ACTIVITY: Show only those lines of the entries where the string "noteq" is found.

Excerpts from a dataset
(* Let $G=(V\cup\{O\},E)$ be a connected, unweighted, undirected graph, where $V$ is a set of $n$ terminals and $O\notin V$ is the depot, and let $k\in[1,n]$ be an arbitrary integer tour capacity. Let $\mathrm{opt}$ be the minimum cost of a feasible solution to the graphic CVRP on this instance, and let $\mathrm{opt}_{\mathrm{TSP}}$ be the minimum cost of a traveling salesman tour on $V\cup\{O\}$. Let $\beta\geq\frac12$ and $\gamma\geq 0$, and let $S$ be a traveling salesman tour on $V\cup\{O\}$ of cost at most $\beta\cdot n+\gamma\cdot\mathrm{opt}_{\mathrm{TSP}}$. Then the iterated tour partitioning algorithm applied to $S$ outputs a feasible solution to the graphic CVRP of cost at most $\left(\beta+\gamma+\frac12\right)\cdot\mathrm{opt}$.
   Context: Distances are graphic: the distance between two vertices is the number of edges on a shortest path between them in $G$; $\mathrm{dist}(v)$ denotes the distance from $v$ to $O$. A tour is a closed walk in $G$ starting and ending at $O$; its cost is its number of edges (with multiplicity). In the graphic CVRP, each terminal has unit demand; a feasible solution is a set of tours, together with an assignment of each terminal to exactly one tour visiting it, such that each tour is assigned at most $k$ terminals; the cost is the total cost of the tours and the goal is to minimize it. A traveling salesman tour on $V\cup\{O\}$ is a closed walk in $G$ visiting every vertex of $V\cup\{O\}$; its cost is its number of edges. The iterated tour partitioning (ITP) algorithm applied to a traveling salesman tour $S$: order the terminals $v_1,\dots,v_n$ by their first occurrence along $S$ starting from $O$; for each offset $i\in\{1,\dots,k\}$, cut this sequence into consecutive segments, the first containing the first $i$ terminals and each subsequent one containing the next $k$ terminals (the last possibly fewer); each segment, taken as the portion of $S$ from its first to its last terminal, is turned into a tour by joining both endpoints to $O$ via shortest paths, and covers the terminals of that segment; among the $k$ resulting solutions, output one of minimum cost. *)

theory Defs
  imports Complex_Main
begin

text \<open>The graph G = (V \<union> {dep}, E) is given by a vertex set V of terminals, a depot dep,
 and a symmetric irreflexive adjacency relation E on V \<union> {dep}.\<close>

definition walk :: "('a \<Rightarrow> 'a \<Rightarrow> bool) \<Rightarrow> 'a set \<Rightarrow> 'a \<Rightarrow> 'a list \<Rightarrow> bool" where
  "walk E V dep p \<longleftrightarrow> p \<noteq> [] \<and> set p \<subseteq> insert dep V \<and>
     (\<forall>i. i + 1 < length p \<longrightarrow> E (p ! i) (p ! (i + 1)))"

definition walk_cost :: "'a list \<Rightarrow> nat" where
  "walk_cost p = length p - 1"

definition connected_graph :: "('a \<Rightarrow> 'a \<Rightarrow> bool) \<Rightarrow> 'a set \<Rightarrow> 'a \<Rightarrow> bool" where
  "connected_graph E V dep \<longleftrightarrow>
     (\<forall>u\<in>insert dep V. \<forall>v\<in>insert dep V. \<exists>p. walk E V dep p \<and> hd p = u \<and> last p = v)"

definition gdist :: "('a \<Rightarrow> 'a \<Rightarrow> bool) \<Rightarrow> 'a set \<Rightarrow> 'a \<Rightarrow> 'a \<Rightarrow> 'a \<Rightarrow> nat" where
  "gdist E V dep u v = (LEAST m. \<exists>p. walk E V dep p \<and> hd p = u \<and> last p = v \<and> walk_cost p = m)"

definition shortest_path :: "('a \<Rightarrow> 'a \<Rightarrow> bool) \<Rightarrow> 'a set \<Rightarrow> 'a \<Rightarrow> 'a \<Rightarrow> 'a \<Rightarrow> 'a list" where
  "shortest_path E V dep u v = (SOME p. walk E V dep p \<and> hd p = u \<and> last p = v \<and>
       walk_cost p = gdist E V dep u v)"

definition tour :: "('a \<Rightarrow> 'a \<Rightarrow> bool) \<Rightarrow> 'a set \<Rightarrow> 'a \<Rightarrow> 'a list \<Rightarrow> bool" where
  "tour E V dep p \<longleftrightarrow> walk E V dep p \<and> hd p = dep \<and> last p = dep"

text \<open>A CVRP solution: a list of tours together with an assignment of each terminal
 to the index of a tour.\<close>
type_synonym 'a cvrp_sol = "'a list list \<times> ('a \<Rightarrow> nat)"

definition cvrp_feasible :: "('a \<Rightarrow> 'a \<Rightarrow> bool) \<Rightarrow> 'a set \<Rightarrow> 'a \<Rightarrow> nat \<Rightarrow> 'a cvrp_sol \<Rightarrow> bool" where
  "cvrp_feasible E V dep k sol \<longleftrightarrow>
     (\<forall>t\<in>set (fst sol). tour E V dep t) \<and>
     (\<forall>v\<in>V. snd sol v < length (fst sol) \<and> v \<in> set (fst sol ! snd sol v)) \<and>
     (\<forall>j<length (fst sol). card {v\<in>V. snd sol v = j} \<le> k)"

definition sol_cost :: "'a cvrp_sol \<Rightarrow> nat" where
  "sol_cost sol = sum_list (map walk_cost (fst sol))"

definition cvrp_opt :: "('a \<Rightarrow> 'a \<Rightarrow> bool) \<Rightarrow> 'a set \<Rightarrow> 'a \<Rightarrow> nat \<Rightarrow> nat" where
  "cvrp_opt E V dep k = (LEAST c. \<exists>sol. cvrp_feasible E V dep k sol \<and> sol_cost sol = c)"

definition tsp_tour :: "('a \<Rightarrow> 'a \<Rightarrow> bool) \<Rightarrow> 'a set \<Rightarrow> 'a \<Rightarrow> 'a list \<Rightarrow> bool" where
  "tsp_tour E V dep p \<longleftrightarrow> tour E V dep p \<and> insert dep V \<subseteq> set p"

definition tsp_opt :: "('a \<Rightarrow> 'a \<Rightarrow> bool) \<Rightarrow> 'a set \<Rightarrow> 'a \<Rightarrow> nat" where
  "tsp_opt E V dep = (LEAST c. \<exists>p. tsp_tour E V dep p \<and> walk_cost p = c)"

text \<open>Positions in S of the first occurrences of terminals, in increasing order;
 the terminal sequence v_1..v_n is the list of entries of S at these positions.\<close>
definition first_positions :: "'a set \<Rightarrow> 'a list \<Rightarrow> nat list" where
  "first_positions V S = [j \<leftarrow> [0..<length S]. S ! j \<in> V \<and> (\<forall>j'<j. S ! j' \<noteq> S ! j)]"

fun chunks :: "nat \<Rightarrow> 'b list \<Rightarrow> 'b list list" where
  "chunks k [] = []"
| "chunks k (x # xs) = (if k = 0 then [x # xs] else take k (x # xs) # chunks k (drop k (x # xs)))"

definition itp_segments :: "'a set \<Rightarrow> nat \<Rightarrow> 'a list \<Rightarrow> nat \<Rightarrow> nat list list" where
  "itp_segments V k S i =
     (let P = first_positions V S in take i P # chunks k (drop i P))"

definition segment_tour :: "('a \<Rightarrow> 'a \<Rightarrow> bool) \<Rightarrow> 'a set \<Rightarrow> 'a \<Rightarrow> 'a list \<Rightarrow> nat list \<Rightarrow> 'a list" where
  "segment_tour E V dep S seg =
     (let a = hd seg; b = last seg in
      shortest_path E V dep dep (S ! a) @ tl (take (b - a + 1) (drop a S))
        @ tl (shortest_path E V dep (S ! b) dep))"

definition itp_solution :: "('a \<Rightarrow> 'a \<Rightarrow> bool) \<Rightarrow> 'a set \<Rightarrow> 'a \<Rightarrow> nat \<Rightarrow> 'a list \<Rightarrow> nat \<Rightarrow> 'a cvrp_sol" where
  "itp_solution E V dep k S i =
     (let segs = itp_segments V k S i in
      (map (segment_tour E V dep S) segs,
       \<lambda>v. LEAST m. m < length segs \<and> v \<in> (\<lambda>j. S ! j) ` set (segs ! m)))"

definition itp :: "('a \<Rightarrow> 'a \<Rightarrow> bool) \<Rightarrow> 'a set \<Rightarrow> 'a \<Rightarrow> nat \<Rightarrow> 'a list \<Rightarrow> 'a cvrp_sol" where
  "itp E V dep k S = itp_solution E V dep k S
     (ARG_MIN (\<lambda>i. sol_cost (itp_solution E V dep k S i)) i. i \<in> {1..k})"

end

theory Submission
  imports Defs
begin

WRITTEN RESPONSE:
  "walk E V dep p \<longleftrightarrow> p \<noteq> [] \<and> set p \<subseteq> insert dep V \<and>
  "first_positions V S = [j \<leftarrow> [0..<length S]. S ! j \<in> V \<and> (\<forall>j'<j. S ! j' \<noteq> S ! j)]"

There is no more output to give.